Under Mr. Yanukovych’s presidency, he was the deputy head of the main investigation department of the Internal Affairs Ministry. During his tenure, he justified the use of violence against protesters during the pro-democracy, anti-corruption Euro-Maidan uprising that ousted Mr. Yanuko­vych. More than 100 people, mostly protesters, were killed during the uprising, known as the Revolution of Dignity.

Former Donetsk-based journalists, activists and rights groups have also questioned the judge’s impartiality in Mr. Sternenko’s case. Before moving to Odesa in 2015, Mr. Poprevych was a judge in Donetsk. In 2009, while investigating his rulings and background, local journalists discovered that the judge had a bust of Soviet leaders Vladimir Lenin and Joseph Stalin standing in front of his single-family home in the city.
He moved to Odesa after Russia’s covert invasion of the Donbas. In 2017 he was not selected to the revamped Supreme Court after he failed to pass an anonymous written exam for one of the open seats.

In Odesa, DeJure Foundation found that he released from custody the director of a children’s camp where three children died in a fire despite the prosecutor’s argument that he would try to influence witnesses if set free.

His past asset declarations, according to judicial watchdog ProSud, show that his holdings are “hardly commensurate with the income of a Ukrainian judge.”

In one year, Mr. Poprevych didn’t declare an apartment his wife owns in Ukraine’s Crimean Peninsula that Russia seized in early 2014 and a Mercedes luxury car manufactured in 2008.

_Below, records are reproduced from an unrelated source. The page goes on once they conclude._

(* Let $z,w\in H^2$ be distinct points of the hyperbolic plane and $k\in\mathbb R$. Define the square hyperbola $S_k(z,w)=\{x\in H^2 : d_H(x,z)^2-d_H(x,w)^2=k\}$. Then the endpoints on the ideal boundary of $H^2$ of $S_k(z,w)$ are the same as the endpoints of the equidistant line $S_0(z,w)=\{x\in H^2: d_H(x,z)=d_H(x,w)\}$.
   Context: $d_H$ denotes the hyperbolic distance on $H^2$. *)

theory Defs
  imports Complex_Main
begin

definition hyp_plane :: "complex set" where
  "hyp_plane = {z. Im z > 0}"

definition dH :: "complex \<Rightarrow> complex \<Rightarrow> real" where
  "dH z w = arcosh (1 + (cmod (z - w))\<^sup>2 / (2 * Im z * Im w))"

definition square_hyperbola :: "real \<Rightarrow> complex \<Rightarrow> complex \<Rightarrow> complex set" where
  "square_hyperbola k z w = {x \<in> hyp_plane. (dH x z)\<^sup>2 - (dH x w)\<^sup>2 = k}"

definition equidistant_line :: "complex \<Rightarrow> complex \<Rightarrow> complex set" where
  "equidistant_line z w = {x \<in> hyp_plane. dH x z = dH x w}"
(* Let $k\ge1$ be an integer, let $G$ be a graph and let $A,B\subseteq V(G)$ satisfy $\mathrm{dist}(A,B)>2^k$ and \[\mathrm{tp}_k\big(G\langle X\mapsto A\rangle[N_{2^{k-1}-1}[A]]\big)=\mathrm{tp}_k\big(G\langle X\mapsto B\rangle[N_{2^{k-1}-1}[B]]\big).\] Let $\bar w\in V(G)^{|\bar y|}$ be a tuple of vertices with $\mathrm{dist}(\bar w,A\cup B)\ge 2^k$. Then for every first-order formula $\varphi(\bar y,x)$ of quantifier rank at most $k-1$ in the signature of $G$, \[G\langle A\rangle\models\exists x\in A\ \varphi(\bar w,x)\iff G\langle B\rangle\models\exists x\in B\ \varphi(\bar w,x).\]
   Context: Graphs are finite, loopless, undirected, with finitely many unary color predicates. $\mathrm{dist}(\bar a,\bar b)$ is the minimum distance between an element of $\bar a$ and one of $\bar b$ (sets or tuples); $N_r[S]$ is the set of vertices at distance at most $r$ from $S$. $G\langle X\mapsto W\rangle$ is $G$ expanded by a new unary predicate $X$ interpreted as $W$; $G\langle W\rangle$ denotes the expansion by a new unary predicate (also named $W$) interpreted as $W$, and $\exists x\in W\,\psi$ abbreviates $\exists x\,(W(x)\wedge\psi)$. $H[S]$ is the induced substructure (colors restricted). $\mathrm{tp}_k(H)$ is the set of first-order sentences of quantifier rank at most $k$ (over the signature of $H$) true in $H$; equality of types means the two structures satisfy the same such sentences. *)

theory Defs
  imports Main "HOL-Library.Extended_Nat"
begin
lemma sum_meeting_pairs_le:
  assumes "finite W"
  shows "(\<Sum>A\<in>{A\<in>P. A \<inter> W = {}}. \<Sum>B\<in>{B\<in>P. B \<inter> A \<noteq> {} \<and> B \<inter> W \<noteq> {}}. pair_weight W A B)
    \<le> 2 ^ card W * L * (2 ^ (card W + h) * L)"
proof -
  let ?A = "{A\<in>P. A \<inter> W = {}}"
  have "(\<Sum>A\<in>?A. \<Sum>B\<in>{B\<in>P. B \<inter> A \<noteq> {} \<and> B \<inter> W \<noteq> {}}. pair_weight W A B)
      = (\<Sum>B\<in>{B\<in>P. B \<inter> W \<noteq> {}}. \<Sum>A\<in>{A\<in>?A. B \<inter> A \<noteq> {}}. pair_weight W B A)"
    using sum.swap_restrict[of ?A "{B\<in>P. B \<inter> W \<noteq> {}}" "pair_weight W" "\<lambda>A B. B \<inter> A \<noteq> {}"]
    by (simp add: finite_P conj_ac pair_weight_commute)
  also have "\<dots> \<le> (\<Sum>B\<in>{B\<in>P. B \<inter> W \<noteq> {}}. \<Sum>A\<in>{A\<in>P. A \<inter> (W \<union> B) \<noteq> {}}. pair_weight W B A)"
    by (intro sum_mono sum_mono2) (auto simp: finite_P pair_weight_nonneg)
  also have "\<dots> = (\<Sum>B\<in>{B\<in>P. B \<inter> W \<noteq> {}}.
      rel_weight W B * (\<Sum>A\<in>{A\<in>P. A \<inter> (W \<union> B) \<noteq> {}}. rel_weight (W \<union> B) A))"
    by (simp add: sum_distrib_left rel_weight_chain finite_member)
  also have "\<dots> \<le> 2 ^ card W * L * (2 ^ (card W + h) * L)"
    by (rule sum_meeting_twice_le[OF assms])
  finally show ?thesis .
qed

lemma two_step_le:
  assumes "finite W"
  shows "(\<Sum>A\<in>{A\<in>P. A \<inter> W = {}}. rel_weight W A * (\<Sum>B\<in>{B\<in>P. B \<inter> A \<noteq> {}}. rel_weight (W \<union> A) B))
    \<le> V + 2 ^ card W * L * (2 ^ (card W + h) * L)"
proof -
  let ?A = "{A\<in>P. A \<inter> W = {}}"
  have "(\<Sum>A\<in>?A. rel_weight W A * (\<Sum>B\<in>{B\<in>P. B \<inter> A \<noteq> {}}. rel_weight (W \<union> A) B))
      = (\<Sum>A\<in>?A. \<Sum>B\<in>{B\<in>P. B \<inter> A \<noteq> {}}. pair_weight W A B)"
    by (simp add: sum_distrib_left rel_weight_chain finite_member)
  also have "\<dots> = (\<Sum>A\<in>?A. \<Sum>B\<in>{B\<in>P. B \<inter> A \<noteq> {} \<and> B \<inter> W = {}}. pair_weight W A B)
                 + (\<Sum>A\<in>?A. \<Sum>B\<in>{B\<in>P. B \<inter> A \<noteq> {} \<and> B \<inter> W \<noteq> {}}. pair_weight W A B)"
    unfolding sum.distrib[symmetric] by (intro sum.cong refl sum_split_filter finite_P)
  also have "\<dots> \<le> V + 2 ^ card W * L * (2 ^ (card W + h) * L)"
    by (rule add_mono[OF sum_avoiding_pairs_le sum_meeting_pairs_le[OF assms]])
  finally show ?thesis .
qed

definition plain_weight :: "'i set \<Rightarrow> 'a set \<Rightarrow> ('i \<Rightarrow> 'a set) \<Rightarrow> real" where
  "plain_weight J W F = (\<Prod>j\<in>J. \<phi> (F j)) * q ^ card (\<Union>(F ` J) - W)"

definition family_weight :: "'i set \<Rightarrow> 'a set \<Rightarrow> ('i \<Rightarrow> 'a set) \<Rightarrow> real" where
  "family_weight J W F = of_bool (linked_family J W F) * plain_weight J W F"

definition linked_sum :: "'i set \<Rightarrow> 'a set \<Rightarrow> real" where
  "linked_sum J W = (\<Sum>F\<in>J \<rightarrow>\<^sub>E P. family_weight J W F)"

Mr. Sternenko survived three attempts on his life in 2018 that he attributes to his civic activism, pro-Ukrainian stance and exposure of corruption.

The last attempt on his life took place in Odesa on May 24, 2018, near his home. His girlfriend was with him at the time. According to KHPG, “two men attacked him and delivered several knife wounds. He received [a] concussion, a deep cut to the hand and other lacerations.”

One of the two assailants, Ivan Kuzne­tsov, died of a knife wound from Mr. Sternenko that the latter said was inflicted as an act of self-defense.

The activist was refused police protection after the first two attacks that year and is currently charged with murder for exceeding his right to self-defense.

The other two cases against him are for rioting and beating of a police officer, and drug smuggling. He denies all the allegations and the cases are pending charges.